## SEEKER: Query-Efficient Model Extraction via Semi-Supervised Public Knowledge Transfer
You can find here the implementation for our paper *SEEKER: Query-Efficient Model Extraction via Semi-Supervised Public Knowledge Transfer*.
> Model extraction attacks against neural networks aim at extracting models without white-box access to model internals and training datasets. Unfortunately, most existing methods demand an excessive number of queries (up to millions) to reproduce a functional substitute model, greatly limiting their real-world applicability. In this work, we propose a query-efficient model extraction attack that effectively distills knowledge from publicly available data. To this end, we introduce a self-supervised training mechanism to pre-train the substitute model without interacting with the victim model. The proposed mechanism optimizes the substitute model to learn a generalizable image encoding pattern based on semantic consistency of neural networks. We further propose a query generator that enhances the information density of generated queries by aggregating public information, thereby greatly mitigating the query cost required for constructing the substitute model.

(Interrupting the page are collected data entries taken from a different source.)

(* Let $\kappa\ge3$, $n\ge1$, $r,r'$, $F$, the $n$-periodic sequences $p,q$ and the $Y$-system solution $Y_{i,j,k}$ (for $i+j+k$ even) with the initial conditions $Y_{i,j,-1}=(q_{((\kappa-2)i+\kappa j+r-r')/2})^{-1}$ ($i+j$ odd) and $Y_{i,j,0}=p_{((\kappa-2)i+\kappa j)/2}$ ($i+j$ even) be as described in the context. Then $Y$ is doubly periodic: $$Y_{i,j,k}=Y_{(i,j,k)+\alpha(\kappa,2-\kappa,0)+\beta(n,-n,0)}$$ for all $(i,j,k)$ with $i+j+k\equiv0\bmod 2$ and all $\alpha,\beta\in\mathbb Z$.
   Context: $\kappa\ge 3$ and $n\ge 1$ are integers, $r=\lfloor(\kappa-2)/2\rfloor$, $r'=\lceil(\kappa-2)/2\rceil$, $F$ a field, and $p=(p_m)_{m\in\mathbb Z}$, $q=(q_m)_{m\in\mathbb Z}$ are $n$-periodic sequences in $F$. $Y:\{(i,j,k)\in\mathbb Z^3:i+j+k \text{ even}\}\to F\setminus\{0,-1\}$ satisfies the $Y$-system $Y_{i,j,k+1}Y_{i,j,k-1}=\frac{(1+Y_{i+1,j,k})(1+Y_{i-1,j,k})}{(1+Y_{i,j+1,k}^{-1})(1+Y_{i,j-1,k}^{-1})}$ for all $(i,j,k)$ with $i+j+k$ odd, together with the stated initial conditions at $k=-1$ and $k=0$. *)

theory Defs
  imports Main
begin

(* r = floor((kappa-2)/2), r' = ceiling((kappa-2)/2) *)
definition rfl :: "int \<Rightarrow> int" where "rfl \<kappa> = (\<kappa> - 2) div 2"
definition rcl :: "int \<Rightarrow> int" where "rcl \<kappa> = - ((2 - \<kappa>) div 2)"

end

theory Submission
  imports Defs
begin

(* The Y-system relation expresses Y at level k+1 through level k and level k-1,
   and symmetrically Y at level k-1 through levels k and k+1.  Hence a solution
   with non-vanishing values is uniquely determined by its two initial levels
   k = -1 and k = 0 (lemma ysystem_unique, by a two-step induction over the
   integers).  The relation is invariant under translations (a, b) of the
   (i, j)-plane with a + b even (lemma ysystem_shift).  For the translation
   alpha(kappa, 2 - kappa) + beta(n, -n) the linear forms indexing p and q in the
   initial conditions change by the multiple -beta*n of the period n (lemma
   initial_index_shift), so the translated solution has the same initial data as Y
   (lemma initial_data_translation_invariant); by uniqueness it coincides with Y. *)

definition yrhs :: "(int \<Rightarrow> int \<Rightarrow> int \<Rightarrow> 'a::field) \<Rightarrow> int \<Rightarrow> int \<Rightarrow> int \<Rightarrow> 'a" where
  "yrhs Y i j k =
     ((1 + Y (i + 1) j k) * (1 + Y (i - 1) j k)) /
     ((1 + inverse (Y i (j + 1) k)) * (1 + inverse (Y i (j - 1) k)))"

definition ysystem :: "(int \<Rightarrow> int \<Rightarrow> int \<Rightarrow> 'a::field) \<Rightarrow> bool" where
  "ysystem Y \<longleftrightarrow> (\<forall>i j k. odd (i + j + k) \<longrightarrow> Y i j (k + 1) * Y i j (k - 1) = yrhs Y i j k)"

definition nonvanishing :: "(int \<Rightarrow> int \<Rightarrow> int \<Rightarrow> 'a::field) \<Rightarrow> bool" where
  "nonvanishing Y \<longleftrightarrow> (\<forall>i j k. even (i + j + k) \<longrightarrow> Y i j k \<noteq> 0)"

lemma ysystem_forward:
  assumes "ysystem Y" "nonvanishing Y" "odd (i + j + k)"
  shows "Y i j (k + 1) = yrhs Y i j k / Y i j (k - 1)"
proof -
  have "Y i j (k - 1) \<noteq> 0" using assms(2,3) unfolding nonvanishing_def by fastforce
  with assms(1,3) show ?thesis unfolding ysystem_def by (metis nonzero_mult_div_cancel_right)
qed

lemma ysystem_backward:
  assumes "ysystem Y" "nonvanishing Y" "odd (i + j + k)"
  shows "Y i j (k - 1) = yrhs Y i j k / Y i j (k + 1)"
proof -
  have "Y i j (k + 1) \<noteq> 0" using assms(2,3) unfolding nonvanishing_def by fastforce
  with assms(1,3) show ?thesis unfolding ysystem_def by (metis nonzero_mult_div_cancel_left)
qed

lemma yrhs_cong:
  assumes "odd (i + j + k)"
    and "\<And>i' j'. even (i' + j' + k) \<Longrightarrow> Y i' j' k = Z i' j' k"
  shows "yrhs Y i j k = yrhs Z i j k"
proof -
  have "even (i + 1 + j + k)" "even (i - 1 + j + k)"
       "even (i + (j + 1) + k)" "even (i + (j - 1) + k)"
    using assms(1) by presburger+
  then have "Y (i + 1) j k = Z (i + 1) j k" "Y (i - 1) j k = Z (i - 1) j k"
       "Y i (j + 1) k = Z i (j + 1) k" "Y i (j - 1) k = Z i (j - 1) k"
    by (simp_all only: assms(2))
  then show ?thesis unfolding yrhs_def by simp
qed

lemma int_two_step_induct [case_names minus_one zero up down]:
  fixes P :: "int \<Rightarrow> bool"
  assumes "P (-1)" "P 0"
    and up: "\<And>k. P (k - 1) \<Longrightarrow> P k \<Longrightarrow> P (k + 1)"
    and down: "\<And>k. P (k + 1) \<Longrightarrow> P k \<Longrightarrow> P (k - 1)"
  shows "P k"
proof -
  have "P (k - 1) \<and> P k"
  proof (induction k rule: int_induct[where k = 0])
    case base then show ?case using assms(1,2) by simp
  next
    case (step1 i) then show ?case using up[of i] by simp
  next
    case (step2 i) then show ?case using down[of "i - 1"] by simp
  qed
  then show ?thesis by simp
qed

lemma ysystem_unique:
  assumes Y: "ysystem Y" "nonvanishing Y" and Z: "ysystem Z" "nonvanishing Z"
    and init: "\<And>i j k. k \<in> {-1, 0} \<Longrightarrow> even (i + j + k) \<Longrightarrow> Y i j k = Z i j k"
  shows "even (i + j + k) \<Longrightarrow> Y i j k = Z i j k"
proof -
  define agree where "agree k \<longleftrightarrow> (\<forall>i j. even (i + j + k) \<longrightarrow> Y i j k = Z i j k)" for k
  have rhs: "yrhs Y i j k = yrhs Z i j k" if "agree k" "odd (i + j + k)" for i j k
    using that by (intro yrhs_cong) (auto simp: agree_def)
  have "agree k"
  proof (induction k rule: int_two_step_induct)
    case (up k)
    show ?case unfolding agree_def
    proof (intro allI impI)
      fix i j assume "even (i + j + (k + 1))"
      then have odd: "odd (i + j + k)" by simp
      with up(1) have "Y i j (k - 1) = Z i j (k - 1)" by (simp add: agree_def)
      then show "Y i j (k + 1) = Z i j (k + 1)"
        using ysystem_forward[OF Y odd] ysystem_forward[OF Z odd] rhs[OF up(2) odd] by simp
    qed
  next
    case (down k)
    show ?case unfolding agree_def
    proof (intro allI impI)
      fix i j assume "even (i + j + (k - 1))"
      then have odd: "odd (i + j + k)" by simp
      with down(1) have "Y i j (k + 1) = Z i j (k + 1)" by (simp add: agree_def)
      then show "Y i j (k - 1) = Z i j (k - 1)"
        using ysystem_backward[OF Y odd] ysystem_backward[OF Z odd] rhs[OF down(2) odd] by simp
    qed
  qed (use init in \<open>auto simp: agree_def\<close>)
  then show "even (i + j + k) \<Longrightarrow> Y i j k = Z i j k" by (simp add: agree_def)
qed

lemma yrhs_shift:
  "yrhs (\<lambda>i j k. Y (i + a) (j + b) k) i j k = yrhs Y (i + a) (j + b) k"
  unfolding yrhs_def by (simp add: add_ac diff_add_eq add_diff_eq)

text \<open>Translation invariance: shifting a solution by (a, b) with a + b even, which
  preserves the parity of lattice points, gives again a non-vanishing solution.\<close>

lemma ysystem_shift:
  assumes "ysystem Y" "nonvanishing Y" "even (a + b)"
  shows "ysystem (\<lambda>i j k. Y (i + a) (j + b) k)" "nonvanishing (\<lambda>i j k. Y (i + a) (j + b) k)"
proof -
  have par: "even (i + a + (j + b) + k) \<longleftrightarrow> even (i + j + k)" for i j k :: int
    using assms(3) by presburger
  show "ysystem (\<lambda>i j k. Y (i + a) (j + b) k)"
    using assms(1) par unfolding ysystem_def yrhs_shift by blast
  show "nonvanishing (\<lambda>i j k. Y (i + a) (j + b) k)"
    using assms(2) par unfolding nonvanishing_def by blast
qed

lemma periodic_multiple:
  fixes f :: "int \<Rightarrow> 'a"
  assumes per: "\<And>m. f (m + n) = f m"
  shows "f (m + c * n) = f m"
proof (induction c arbitrary: m rule: int_induct[where k = 0])
  case (step1 c)
  then show ?case using per[of "m + c * n"] by (simp add: algebra_simps)
next
  case (step2 c)
  then show ?case using per[of "m + (c - 1) * n"] by (simp add: algebra_simps)
qed simp

text \<open>Under the translation alpha(kappa, 2 - kappa) + beta(n, -n) the linear form
  (kappa - 2) i + kappa j indexing the initial data drops by 2 beta n, so the
  index of an n-periodic sequence drops by a multiple of its period.\<close>

lemma initial_index_shift:
  fixes \<kappa> n \<alpha> \<beta> i j c d :: int
  shows "((\<kappa> - 2) * (i + (\<alpha> * \<kappa> + \<beta> * n)) + \<kappa> * (j + (\<alpha> * (2 - \<kappa>) - \<beta> * n)) + c - d) div 2
       = ((\<kappa> - 2) * i + \<kappa> * j + c - d) div 2 + (- \<beta>) * n"
proof -
  have "(\<kappa> - 2) * (i + (\<alpha> * \<kappa> + \<beta> * n)) + \<kappa> * (j + (\<alpha> * (2 - \<kappa>) - \<beta> * n)) + c - d
      = ((\<kappa> - 2) * i + \<kappa> * j + c - d) + 2 * (- \<beta> * n)"
    by (simp add: algebra_simps)
  then show ?thesis by simp
qed

lemma periodic_initial_index_shift:
  fixes f :: "int \<Rightarrow> 'a"
  assumes per: "\<And>m. f (m + n) = f m"
  shows "f (((\<kappa> - 2) * (i + (\<alpha> * \<kappa> + \<beta> * n)) + \<kappa> * (j + (\<alpha> * (2 - \<kappa>) - \<beta> * n)) + c - d) div 2)
       = f (((\<kappa> - 2) * i + \<kappa> * j + c - d) div 2)"
  by (simp only: initial_index_shift periodic_multiple[of f, OF per])

lemma initial_data_translation_invariant:
  fixes \<kappa> n :: int and p q :: "int \<Rightarrow> 'a::field" and Y :: "int \<Rightarrow> int \<Rightarrow> int \<Rightarrow> 'a"
  assumes p_per: "\<And>m. p (m + n) = p m"
    and q_per: "\<And>m. q (m + n) = q m"
    and init_m1: "\<And>i j. odd (i + j) \<Longrightarrow>
       Y i j (-1) = inverse (q (((\<kappa> - 2) * i + \<kappa> * j + rfl \<kappa> - rcl \<kappa>) div 2))"
    and init_0: "\<And>i j. even (i + j) \<Longrightarrow>
       Y i j 0 = p (((\<kappa> - 2) * i + \<kappa> * j) div 2)"
    and level: "k \<in> {-1, 0}" and parity: "even (i + j + k)"
  shows "Y i j k = Y (i + (\<alpha> * \<kappa> + \<beta> * n)) (j + (\<alpha> * (2 - \<kappa>) - \<beta> * n)) k"
proof -
  have par: "even (i + (\<alpha> * \<kappa> + \<beta> * n) + (j + (\<alpha> * (2 - \<kappa>) - \<beta> * n))) \<longleftrightarrow> even (i + j)"
    by (simp add: algebra_simps)
  consider "k = -1" "odd (i + j)" | "k = 0" "even (i + j)" using level parity by auto
  then show ?thesis
  proof cases
    case 1
    then show ?thesis
      using init_m1[of i j] init_m1[of "i + (\<alpha> * \<kappa> + \<beta> * n)" "j + (\<alpha> * (2 - \<kappa>) - \<beta> * n)"] par
        periodic_initial_index_shift[of q, OF q_per, of \<kappa> i \<alpha> \<beta> j "rfl \<kappa>" "rcl \<kappa>"]
      by simp
  next
    case 2
    then show ?thesis
      using init_0[of i j] init_0[of "i + (\<alpha> * \<kappa> + \<beta> * n)" "j + (\<alpha> * (2 - \<kappa>) - \<beta> * n)"] par
        periodic_initial_index_shift[of p, OF p_per, of \<kappa> i \<alpha> \<beta> j 0 0]
      by simp
  qed
qed

theorem mainTheorem2:
  fixes \<kappa> n :: int
    and p q :: "int \<Rightarrow> 'a::field"
    and Y :: "int \<Rightarrow> int \<Rightarrow> int \<Rightarrow> 'a"
  assumes kappa: "\<kappa> \<ge> 3"
    and n: "n \<ge> 1"
    and p_per: "\<And>m. p (m + n) = p m"
    and q_per: "\<And>m. q (m + n) = q m"
    and Y_range: "\<And>i j k. even (i + j + k) \<Longrightarrow> Y i j k \<noteq> 0 \<and> Y i j k \<noteq> -1"
    and Ysys: "\<And>i j k. odd (i + j + k) \<Longrightarrow>
       Y i j (k + 1) * Y i j (k - 1) =
         ((1 + Y (i + 1) j k) * (1 + Y (i - 1) j k)) /
         ((1 + inverse (Y i (j + 1) k)) * (1 + inverse (Y i (j - 1) k)))"
    and init_m1: "\<And>i j. odd (i + j) \<Longrightarrow>
       Y i j (-1) = inverse (q (((\<kappa> - 2) * i + \<kappa> * j + rfl \<kappa> - rcl \<kappa>) div 2))"
    and init_0: "\<And>i j. even (i + j) \<Longrightarrow>
       Y i j 0 = p (((\<kappa> - 2) * i + \<kappa> * j) div 2)"
  shows "\<forall>i j k \<alpha> \<beta>. even (i + j + k) \<longrightarrow>
     Y i j k = Y (i + \<alpha> * \<kappa> + \<beta> * n) (j + \<alpha> * (2 - \<kappa>) - \<beta> * n) k"
proof (intro allI impI)
  fix i j k \<alpha> \<beta> :: int
  assume even: "even (i + j + k)"
  define a where "a = \<alpha> * \<kappa> + \<beta> * n"
  define b where "b = \<alpha> * (2 - \<kappa>) - \<beta> * n"
  have Y: "ysystem Y" "nonvanishing Y"
    using Ysys Y_range unfolding ysystem_def yrhs_def nonvanishing_def by blast+
  have shifted: "ysystem (\<lambda>i j k. Y (i + a) (j + b) k)" "nonvanishing (\<lambda>i j k. Y (i + a) (j + b) k)"
    using ysystem_shift[OF Y, of a b] unfolding a_def b_def by (simp_all add: algebra_simps)
  have same_init: "Y i j k = Y (i + a) (j + b) k" if "k \<in> {-1, 0}" "even (i + j + k)" for i j k
    unfolding a_def b_def
    using initial_data_translation_invariant[OF p_per q_per init_m1 init_0 that] .
  have "Y i j k = Y (i + a) (j + b) k"
    using ysystem_unique[OF Y shifted same_init even] .
  moreover have "i + a = i + \<alpha> * \<kappa> + \<beta> * n" "j + b = j + \<alpha> * (2 - \<kappa>) - \<beta> * n"
    unfolding a_def b_def by simp_all
  ultimately show "Y i j k = Y (i + \<alpha> * \<kappa> + \<beta> * n) (j + \<alpha> * (2 - \<kappa>) - \<beta> * n) k"
    by simp
qed

end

Extensive experiments demonstrate that our method achieves state-of-the-art performance which improves query-efficiency by as much as 50× with higher accuracy. Additionally, our attack demonstrates the capability of bypassing most types of existing defense mechanisms.
### Requirements
* PyTorch >= 1.7.1
* Numpy >= 1.21.2
* torchvision >= 0.8.2
* advertorch >= 0.2.3

### Directory layout
```
.
├── checkpoints     # This directory includes model checkpoints.
├── code
│   ├── classifier  # This directory includes model architecture for victim and substitute.
│   ├── query  # This directory query generation and victim querying.
│   ├── config.py   # This is the configuration file.
│   ├── data    # This directory includes files for reading and pre-process datasets.
│   ├── generator   # This directory includes the architecture file for the aggregated query generator.
│   ├── loss    # This directory includes files that define the loss functions.
│   ├── main.py
│   ├── setup.py    # This file includes the main procedures for our framework.
│   ├── simclr  # This directory includes files for running SimCLR.
│   ├── trainer
│   │   ├── classifier_trainer.py # This file trains the victim models.
│   │   ├── __init__.py
│   │   ├── simclr_trainer.py   # This file trains the substitute with SimCLR.
│   │   └── substitute_trainer.py
│   └── utils
│       ├── __init__.py
│       ├── plot.py # This file is for plotting graphs.
├── datasets    # This directory includes datasets, e.g. CIFAR-10.
├── LICENSE
├── README.md
└── results     # This directory includes results, e.g. figures for accuracy change during substitute training.
```

### Datasets
Our experiments involve CIFAR-10, CIFAR-100, Tiny ImageNet and ImageNet datasets.
The CIFAR-10 and CIFAR-100 datasets can be automatically downloaded with our scripts.
According to the requirement of the authors, the Tiny ImageNet and ImageNet datasets need to be manually downloaded.
All datasets should be put under `./datasets` directory.

### Pre-trained models
Due to the anonymity requirements, we are unable to provide a link for downloading the checkpoints.
We will provide the pre-trained models after the double-blind reviewing process.

### How to attack
We include recommended configurations for reproducing results when using CIFAR-10 as D_S and CIFAR-100 as D_P in `config.py`.
To reproduce results when using CIFAR-100 as D_S and CIFAR-10 as D_P, you need to modify `config.py` according to the following table.
You can also change the value of 'public_dataset' to select other public datasets, e.g. Tiny ImageNet and ImageNet.

| Variable | Value |
|  ----  | ----  |
|victim_dataset| cifar100|
| public_dataset | cifar10 |
|noise_eps|0.2|
|noise_step|30|
|eps_multiple|2|

After specifying your own home directory, you can simply run `python main.py` to reproduce our results.